Kafka: To ensure optimal throughput and low latency, you have to configure producers and consumers in Kafka appropriately. Producers are tuned based on the number of bytes of data to be collected. Consumers are tuned based on the replication factor and a ratio of the number of consumers for a topic to the number of partitions. Thus, unlike Kinesis, you can manually calibrate Kafka for high availability according to your requirements.    

Use Cases

Kinesis: Amazon Kinesis can be used to design applications that monitor your geographic locations for real-time data analytics. It is also used in fraud detection and streaming data from IoT (Internet of Things) devices.

Kafka: It is used to track website activities, such as user registration, page clicks, and purchases. You can also use Kafka for real-time data processing, messaging, collecting operational metrics for application monitoring, and log file aggregation. 

Security

Kinesis: AWS Kinesis offers security features such as server-side encryption using AWS master keys or user-provided encryption libraries. It also provides access control mechanisms and compliance resources to prevent data security breaches.

Kafka: It provides you with data security features like authentication and authorization to meet necessary compliance regulations. You can also add your own layer of security at your expense to manage and monitor data streams in Kafka. 

Costs

Kinesis: It has a pay-as-you-go model, where you pay according to your service usage. The pricing of Kinesis is based on the number of shards used and the Payload Unit, which is the size of data transmitted by producers to the data streams. This type of price structure saves you from investing money and resources in infrastructure management.

Kafka: As an open-source product, you do not need to pay for Kafka’s licensing cost. However, you must invest additional technical resources to set up and maintain it. 

A Step Further - Streamline Data Movements with Airbyte

While Kinesis and Kafka are efficient solutions for real-time data movement, getting that data to its final destination, like a data warehouse or a data lake, often requires an additional step. This is where data integration and replication platforms like Airbyte can help you streamline the entire data movement from source to destination with simple steps.

Airbyte

With Airbyte’s 350+ in-built connectors, you can seamlessly integrate your data between various sources and destinations. The large library of connectors enables you to consolidate your extracted data at a unified destination of your choice.

Some key features of Airbyte that make it a favorable choice are:

  • PyAirbyte is an open-source Python library that enables you to extract data from connectors supported by Airbyte within your Python environment.
  • Airbyte supports CDC and facilitates capturing only incremental changes in data since the last synchronization.
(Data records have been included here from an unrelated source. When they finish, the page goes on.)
(* Let $T$ be a quaternion tensor of size $2\times2\times3$ (two frontal slices, each a $2\times3$ quaternion matrix) or of size $3\times2\times2$ (two frontal slices, each a $3\times2$ quaternion matrix). Then $\mathrm{rank}(T)\le3$.
   Context: $\mathbb{H}$ denotes the real quaternions. An $n_1\times n_2\times n_3$ quaternion tensor is an array $T=(T_{ijk})$ with entries in $\mathbb{H}$, $1\le i\le n_1$, $1\le j\le n_2$, $1\le k\le n_3$; it is written $T=(A_1;\dots;A_{n_2})$ where the frontal slice $A_j$ is the $n_1\times n_3$ matrix $(T_{ijk})_{i,k}$. A nonzero tensor is simple if $T_{ijk}=a_ib_jc_k$ (quaternion product in this order) for some $\vec a\in\mathbb{H}^{n_1},\vec b\in\mathbb{H}^{n_2},\vec c\in\mathbb{H}^{n_3}$. The rank of $T$ is the least number of simple tensors summing to $T$ (the zero tensor has rank $0$). *)

theory Defs
  imports Main "HOL.Real"
begin

text \<open>Real quaternions H: q = Re + Im1 i + Im2 j + Im3 k, with i^2 = j^2 = k^2 = ijk = -1.\<close>

codatatype quat = Quat (Re: real) (Im1: real) (Im2: real) (Im3: real)

lemma quat_eqI [intro?]:
  "Re x = Re y \<Longrightarrow> Im1 x = Im1 y \<Longrightarrow> Im2 x = Im2 y \<Longrightarrow> Im3 x = Im3 y \<Longrightarrow> x = y"
  by (rule quat.expand) simp

instantiation quat :: ring_1
begin

primcorec zero_quat where
  "Re 0 = 0" | "Im1 0 = 0" | "Im2 0 = 0" | "Im3 0 = 0"

primcorec one_quat where
  "Re 1 = 1" | "Im1 1 = 0" | "Im2 1 = 0" | "Im3 1 = 0"

primcorec plus_quat where
  "Re (x + y) = Re x + Re y" | "Im1 (x + y) = Im1 x + Im1 y"
| "Im2 (x + y) = Im2 x + Im2 y" | "Im3 (x + y) = Im3 x + Im3 y"

primcorec uminus_quat where
  "Re (- x) = - Re x" | "Im1 (- x) = - Im1 x" | "Im2 (- x) = - Im2 x" | "Im3 (- x) = - Im3 x"

primcorec minus_quat where
  "Re (x - y) = Re x - Re y" | "Im1 (x - y) = Im1 x - Im1 y"
| "Im2 (x - y) = Im2 x - Im2 y" | "Im3 (x - y) = Im3 x - Im3 y"

primcorec times_quat where
  "Re (x * y) = Re x * Re y - Im1 x * Im1 y - Im2 x * Im2 y - Im3 x * Im3 y"
| "Im1 (x * y) = Re x * Im1 y + Im1 x * Re y + Im2 x * Im3 y - Im3 x * Im2 y"
| "Im2 (x * y) = Re x * Im2 y - Im1 x * Im3 y + Im2 x * Re y + Im3 x * Im1 y"
| "Im3 (x * y) = Re x * Im3 y + Im1 x * Im2 y - Im2 x * Im1 y + Im3 x * Re y"

instance
  proof
  show "(0::quat) \<noteq> 1" by (metis one_quat.sel(1) zero_quat.sel(1) zero_neq_one)
qed (auto intro: quat_eqI simp: algebra_simps)

end

text \<open>Tensors of size n1 x n2 x n3 are represented as functions nat => nat => nat => quat,
  with 0-based indices i < n1, j < n2, k < n3 (entries outside this box are irrelevant).\<close>

type_synonym qtensor = "nat \<Rightarrow> nat \<Rightarrow> nat \<Rightarrow> quat"

definition simple_qtensor :: "nat \<Rightarrow> nat \<Rightarrow> nat \<Rightarrow> qtensor \<Rightarrow> bool" where
  "simple_qtensor n1 n2 n3 S \<longleftrightarrow>
     (\<exists>i<n1. \<exists>j<n2. \<exists>k<n3. S i j k \<noteq> 0) \<and>
     (\<exists>a b c :: nat \<Rightarrow> quat. \<forall>i<n1. \<forall>j<n2. \<forall>k<n3. S i j k = a i * b j * c k)"

definition qtensor_rank :: "nat \<Rightarrow> nat \<Rightarrow> nat \<Rightarrow> qtensor \<Rightarrow> nat" where
  "qtensor_rank n1 n2 n3 T = (LEAST r. \<exists>S :: nat \<Rightarrow> qtensor.
      (\<forall>l<r. simple_qtensor n1 n2 n3 (S l)) \<and>
      (\<forall>i<n1. \<forall>j<n2. \<forall>k<n3. T i j k = (\<Sum>l<r. S l i j k)))"

end

theory Submission
  imports Defs
begin

text \<open>The quaternions form a division ring, so any four vectors in \<open>\<bbbH>\<^sup>3\<close> satisfy a nontrivial
  left-linear relation. Applied to the four fibres \<open>T(i, j, \<cdot>)\<close> of a \<open>2 \<times> 2 \<times> 3\<close> tensor, it writes one
  fibre as a left combination \<open>T(p, q, \<cdot>) = \<alpha> T(p', q, \<cdot>) + \<beta> T(p, q', \<cdot>) + \<gamma> T(p', q', \<cdot>)\<close> of the
  other three, and such a relation yields an explicit sum of three outer products. Since conjugation
  reverses products, conjugating all entries and reversing the order of the modes turns a
  \<open>3 \<times> 2 \<times> 2\<close> tensor into a \<open>2 \<times> 2 \<times> 3\<close> one with the same number of outer products.\<close>

definition quat_normsq :: "quat \<Rightarrow> real" where
  "quat_normsq x = (Re x)\<^sup>2 + (Im1 x)\<^sup>2 + (Im2 x)\<^sup>2 + (Im3 x)\<^sup>2"

lemma quat_normsq_eq_0_iff [simp]: "quat_normsq x = 0 \<longleftrightarrow> x = 0"
proof
  assume "quat_normsq x = 0"
  then have "Re x = 0 \<and> Im1 x = 0 \<and> Im2 x = 0 \<and> Im3 x = 0"
    unfolding quat_normsq_def by (simp add: add_nonneg_eq_0_iff)
  then show "x = 0" by (intro quat_eqI) simp_all
qed (simp add: quat_normsq_def)

instantiation quat :: division_ring
begin

primcorec inverse_quat where
  "Re (inverse x) = Re x / quat_normsq x"
| "Im1 (inverse x) = - Im1 x / quat_normsq x"
| "Im2 (inverse x) = - Im2 x / quat_normsq x"
| "Im3 (inverse x) = - Im3 x / quat_normsq x"

definition divide_quat :: "quat \<Rightarrow> quat \<Rightarrow> quat" where
  "divide_quat x y = x * inverse y"

instance
proof
  fix x :: quat
  assume "x \<noteq> 0"
  then have n: "quat_normsq x \<noteq> 0" by simp
  have sq: "(Re x * Re x + Im1 x * Im1 x + Im2 x * Im2 x + Im3 x * Im3 x) / quat_normsq x = 1"
    using n by (simp add: quat_normsq_def power2_eq_square)
  show "inverse x * x = 1" "x * inverse x = 1"
    by (rule quat_eqI; simp add: sq[symmetric] add_divide_distrib diff_divide_distrib algebra_simps)+
qed (auto intro: quat_eqI simp: divide_quat_def)

end

primcorec qconj :: "quat \<Rightarrow> quat" where
  "Re (qconj x) = Re x" | "Im1 (qconj x) = - Im1 x" | "Im2 (qconj x) = - Im2 x" | "Im3 (qconj x) = - Im3 x"

lemma qconj_qconj [simp]: "qconj (qconj x) = x"
  by (rule quat_eqI) simp_all

lemma qconj_mult: "qconj (x * y) = qconj y * qconj x"
  by (rule quat_eqI) (simp_all add: algebra_simps)

lemma qconj_sum: "qconj (sum f A) = (\<Sum>a\<in>A. qconj (f a))"
proof (induction A rule: infinite_finite_induct)
  case (insert a A)
  have "qconj (f a + sum f A) = qconj (f a) + qconj (sum f A)"
    by (rule quat_eqI) simp_all
  with insert show ?case by simp
qed (simp_all add: quat_eqI)

definition tensor_decomp :: "nat \<Rightarrow> nat \<Rightarrow> nat \<Rightarrow> nat \<Rightarrow> (nat \<Rightarrow> nat \<Rightarrow> nat \<Rightarrow> 'a::semiring_0) \<Rightarrow> bool" where
  "tensor_decomp r n1 n2 n3 T \<longleftrightarrow> (\<exists>a b c. \<forall>i<n1. \<forall>j<n2. \<forall>k<n3. T i j k = (\<Sum>l<r. a l i * b l j * c l k))"

lemma exists_left_linear_relation:
  fixes v :: "'i \<Rightarrow> nat \<Rightarrow> 'a::division_ring"
  assumes "finite I" and "n < card I"
  shows "\<exists>lam. (\<exists>m\<in>I. lam m \<noteq> 0) \<and> (\<forall>k<n. (\<Sum>m\<in>I. lam m * v m k) = 0)"
  using assms
proof (induction n arbitrary: I v)
  case 0
  then obtain m where "m \<in> I" by fastforce
  then show ?case by (intro exI[of _ "\<lambda>_. 1"]) auto
next
  case (Suc n)
  show ?case
  proof (cases "\<forall>m\<in>I. v m n = 0")
    case True
    from Suc.IH[of I v] Suc.prems obtain lam where
      "\<exists>m\<in>I. lam m \<noteq> 0" "\<forall>k<n. (\<Sum>m\<in>I. lam m * v m k) = 0" by auto
    with True show ?thesis by (auto simp: less_Suc_eq)
  next
    case False
    then obtain p where p: "p \<in> I" "v p n \<noteq> 0" by auto
    define d where "d m = v m n * inverse (v p n)" for m
    define w where "w m k = v m k - d m * v p k" for m k
    have "\<exists>mu. (\<exists>m\<in>I-{p}. mu m \<noteq> 0) \<and> (\<forall>k<n. (\<Sum>m\<in>I-{p}. mu m * w m k) = 0)"
      using Suc.prems p by (intro Suc.IH) auto
    then obtain mu where mu: "\<exists>m\<in>I-{p}. mu m \<noteq> 0" "\<forall>k<n. (\<Sum>m\<in>I-{p}. mu m * w m k) = 0"
      by blast
    define lam where "lam m = (if m = p then - (\<Sum>m\<in>I-{p}. mu m * d m) else mu m)" for m
    have lam_w: "(\<Sum>m\<in>I. lam m * v m k) = (\<Sum>m\<in>I-{p}. mu m * w m k)" for k
    proof -
      have "(\<Sum>m\<in>I. lam m * v m k) = lam p * v p k + (\<Sum>m\<in>I-{p}. mu m * v m k)"
        using Suc.prems(1) p(1) by (simp add: sum.remove lam_def)
      also have "\<dots> = (\<Sum>m\<in>I-{p}. mu m * v m k - mu m * d m * v p k)"
        by (simp add: lam_def sum_subtractf sum_distrib_right)
      also have "\<dots> = (\<Sum>m\<in>I-{p}. mu m * w m k)"
        by (simp add: w_def right_diff_distrib mult.assoc)
      finally show ?thesis .
    qed
    have "w m n = 0" for m
      using p(2) by (simp add: w_def d_def mult.assoc)
    then have "\<forall>k<Suc n. (\<Sum>m\<in>I. lam m * v m k) = 0"
      using mu(2) by (auto simp: lam_w less_Suc_eq)
    moreover have "\<exists>m\<in>I. lam m \<noteq> 0" using mu(1) by (auto simp: lam_def)
    ultimately show ?thesis by blast
  qed
qed

lemma solve_left_linear_relation:
  fixes v :: "'i \<Rightarrow> 'a::division_ring"
  assumes "finite I" "p \<in> I" "lam p \<noteq> 0" "(\<Sum>m\<in>I. lam m * v m) = 0"
  shows "v p = (\<Sum>m\<in>I-{p}. - (inverse (lam p) * lam m) * v m)"
proof -
  have "lam p * v p = - (\<Sum>m\<in>I-{p}. lam m * v m)"
    using assms by (simp add: sum.remove eq_neg_iff_add_eq_0)
  then have "v p = - (inverse (lam p) * (\<Sum>m\<in>I-{p}. lam m * v m))"
    using assms(3) by (metis left_inverse minus_mult_right mult.assoc mult_1_left)
  then show ?thesis
    by (simp add: sum_distrib_left sum_negf mult.assoc)
qed

lemma tensor_decomp_2_2_of_fibre_relation:
  fixes T :: "nat \<Rightarrow> nat \<Rightarrow> nat \<Rightarrow> 'a::ring_1"
  assumes "p < 2" "q < 2"
    and rel: "\<forall>k<n3. T p q k = \<alpha> * T (1-p) q k + \<beta> * T p (1-q) k + \<gamma> * T (1-p) (1-q) k"
  shows "tensor_decomp 3 2 2 n3 T"
proof -
  define p' q' where "p' = 1 - p" and "q' = 1 - q"
  define r s where "r = \<alpha> + 1" and "s = \<gamma> + \<beta> * r"
  \<comment> \<open>The (p, q) entry of the decomposition is (r s - \<alpha> s - \<beta> r) T p' q' + \<alpha> T p' q + \<beta> T p q', and r s - \<alpha> s - \<beta> r = \<gamma>.\<close>
  define a where "a l i = (if i = p' then [1, 1, 0] ! l else [r, \<alpha>, 1] ! l)" for l i
  define b where "b l j = (if j = q' then [1, 0, 1] ! l else [s, 1, \<beta>] ! l)" for l j
  define c where "c l k = [T p' q' k, T p' q k - s * T p' q' k, T p q' k - r * T p' q' k] ! l" for l k
  have "T i j k = (\<Sum>l<3. a l i * b l j * c l k)" if "i < 2" "j < 2" "k < n3" for i j k
  proof -
    have "i = p \<or> i = p'" "j = q \<or> j = q'" "p \<noteq> p'" "q \<noteq> q'"
      using that assms(1,2) unfolding p'_def q'_def by arith+
    moreover have "T p q k = (r * s - \<alpha> * s - \<beta> * r) * T p' q' k + \<alpha> * T p' q k + \<beta> * T p q' k"
      using rel that(3) by (simp add: p'_def q'_def r_def s_def algebra_simps)
    ultimately show ?thesis
      by (auto simp: a_def b_def c_def numeral_3_eq_3 algebra_simps)
  qed
  then show ?thesis unfolding tensor_decomp_def by blast
qed

lemma tensor_decomp_2_2:
  fixes T :: qtensor
  assumes "n3 \<le> 3"
  shows "tensor_decomp 3 2 2 n3 T"
proof -
  let ?I = "{..<2::nat} \<times> {..<2::nat}"
  obtain lam where "\<exists>m\<in>?I. lam m \<noteq> 0" and rel: "\<forall>k<n3. (\<Sum>m\<in>?I. lam m * T (fst m) (snd m) k) = 0"
    using exists_left_linear_relation[of ?I n3 "\<lambda>m. T (fst m) (snd m)"] assms by auto
  then obtain p q where pq: "p < 2" "q < 2" "lam (p, q) \<noteq> 0" by auto
  define coeff where "coeff m = - (inverse (lam (p, q)) * lam m)" for m
  have others: "?I - {(p, q)} = {(1-p, q), (p, 1-q), (1-p, 1-q)}"
    using pq(1,2) by (auto simp: less_2_cases_iff)
  have "1 - p \<noteq> p" "1 - q \<noteq> q" using pq(1,2) by arith+
  then have "T p q k = coeff (1-p, q) * T (1-p) q k + coeff (p, 1-q) * T p (1-q) k
                       + coeff (1-p, 1-q) * T (1-p) (1-q) k" if "k < n3" for k
    using solve_left_linear_relation[of ?I "(p, q)" lam "\<lambda>m. T (fst m) (snd m) k"] pq rel that
    by (simp add: others coeff_def add.assoc)
  then show ?thesis
    by (intro tensor_decomp_2_2_of_fibre_relation[OF pq(1,2)]) blast
qed

lemma sum_products_eq_sum_simple_qtensors:
  fixes a b c :: "nat \<Rightarrow> nat \<Rightarrow> quat"
  shows "\<exists>r'\<le>r. \<exists>S. (\<forall>l<r'. simple_qtensor n1 n2 n3 (S l)) \<and>
           (\<forall>i<n1. \<forall>j<n2. \<forall>k<n3. (\<Sum>l<r. a l i * b l j * c l k) = (\<Sum>l<r'. S l i j k))"
proof (induction r)
  case 0
  show ?case by auto
next
  case (Suc r)
  then obtain r' S where r': "r' \<le> r" "\<forall>l<r'. simple_qtensor n1 n2 n3 (S l)"
    "\<forall>i<n1. \<forall>j<n2. \<forall>k<n3. (\<Sum>l<r. a l i * b l j * c l k) = (\<Sum>l<r'. S l i j k)" by blast
  define t where "t i j k = a r i * b r j * c r k" for i j k
  show ?case
  proof (cases "simple_qtensor n1 n2 n3 t")
    case True
    have "\<forall>l<Suc r'. simple_qtensor n1 n2 n3 ((S(r' := t)) l)"
      using r'(2) True by (auto simp: less_Suc_eq)
    moreover have "(\<Sum>l<r'. (S(r' := t)) l i j k) = (\<Sum>l<r'. S l i j k)" for i j k
      by (rule sum.cong) auto
    ultimately show ?thesis
      using r' by (intro exI[of _ "Suc r'"] exI[of _ "S(r' := t)"]) (auto simp: t_def)
  next
    case False
    then have "\<forall>i<n1. \<forall>j<n2. \<forall>k<n3. t i j k = 0"
      unfolding simple_qtensor_def t_def by blast
    then show ?thesis
      using r' by (intro exI[of _ r'] exI[of _ S]) (auto simp: t_def)
  qed
qed

lemma qtensor_rank_le:
  assumes "tensor_decomp r n1 n2 n3 T"
  shows "qtensor_rank n1 n2 n3 T \<le> r"
proof -
  obtain a b c where abc: "\<forall>i<n1. \<forall>j<n2. \<forall>k<n3. T i j k = (\<Sum>l<r. a l i * b l j * c l k)"
    using assms unfolding tensor_decomp_def by blast
  obtain r' S where "r' \<le> r" "\<forall>l<r'. simple_qtensor n1 n2 n3 (S l)"
    "\<forall>i<n1. \<forall>j<n2. \<forall>k<n3. (\<Sum>l<r. a l i * b l j * c l k) = (\<Sum>l<r'. S l i j k)"
    using sum_products_eq_sum_simple_qtensors by blast
  with abc have "qtensor_rank n1 n2 n3 T \<le> r'"
    unfolding qtensor_rank_def by (intro Least_le) auto
  with \<open>r' \<le> r\<close> show ?thesis by simp
qed

lemma tensor_decomp_qconj_transpose:
  fixes T :: qtensor
  assumes "tensor_decomp r n1 n2 n3 T"
  shows "tensor_decomp r n3 n2 n1 (\<lambda>i j k. qconj (T k j i))"
proof -
  obtain a b c where abc: "\<forall>i<n1. \<forall>j<n2. \<forall>k<n3. T i j k = (\<Sum>l<r. a l i * b l j * c l k)"
    using assms unfolding tensor_decomp_def by blast
  have "qconj (T k j i) = (\<Sum>l<r. qconj (c l i) * qconj (b l j) * qconj (a l k))"
    if "i < n3" "j < n2" "k < n1" for i j k
    using abc that by (simp add: qconj_sum qconj_mult mult.assoc)
  then show ?thesis
    unfolding tensor_decomp_def by (intro exI[of _ "\<lambda>l. qconj \<circ> c l"] exI[of _ "\<lambda>l. qconj \<circ> b l"] exI[of _ "\<lambda>l. qconj \<circ> a l"]) simp
qed

theorem mainTheorem8:
  fixes T :: qtensor and n1 n2 n3 :: nat
  assumes "(n1, n2, n3) = (2, 2, 3) \<or> (n1, n2, n3) = (3, 2, 2)"
  shows "qtensor_rank n1 n2 n3 T \<le> 3"
  using assms
proof
  assume "(n1, n2, n3) = (2, 2, 3)"
  then show ?thesis using qtensor_rank_le tensor_decomp_2_2[of 3 T] by simp
next
  assume dims: "(n1, n2, n3) = (3, 2, 2)"
  have "tensor_decomp 3 2 2 3 (\<lambda>i j k. qconj (T k j i))"
    by (rule tensor_decomp_2_2) simp
  from tensor_decomp_qconj_transpose[OF this] have "tensor_decomp 3 3 2 2 T"
    by simp
  with dims show ?thesis using qtensor_rank_le by simp
qed

end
This eliminates unnecessary transfer of data and reduces processing time.
  • Airbyte provides a Connector Development Kit (CDK), which allows you to build your own connector using minimal code. 

Conclusion

Data streaming is essential for gaining real-time insights. This blog compares Kinesis vs. Kafka data streaming platforms to help you make an informed decision while choosing between these platforms. It comparatively analyzes the configuration, performance, costs, and security features of these two prominent streaming tools.

Both Kafka and Kinesis are robust real-time streaming platforms. However, you can choose any of these platforms for data streaming depending on your resources, preferences, and time. Kinesis, as a managed service requires less configuration and technical effort compared to Kafka’s self-managed approach. This can be a significant advantage if you prefer a quick setup time.

FAQs

Does Kinesis use S3?

Kinesis offers a Firehose service to stream data from S3 in real-time. 

Which platforms can be used as data streaming tools?

There are many platforms that you can use for data streaming services, like Google Cloud DataFlow, Amazon Kinesis, Apache Kafka, Apache Storm, Azure Stream Analytics, etc.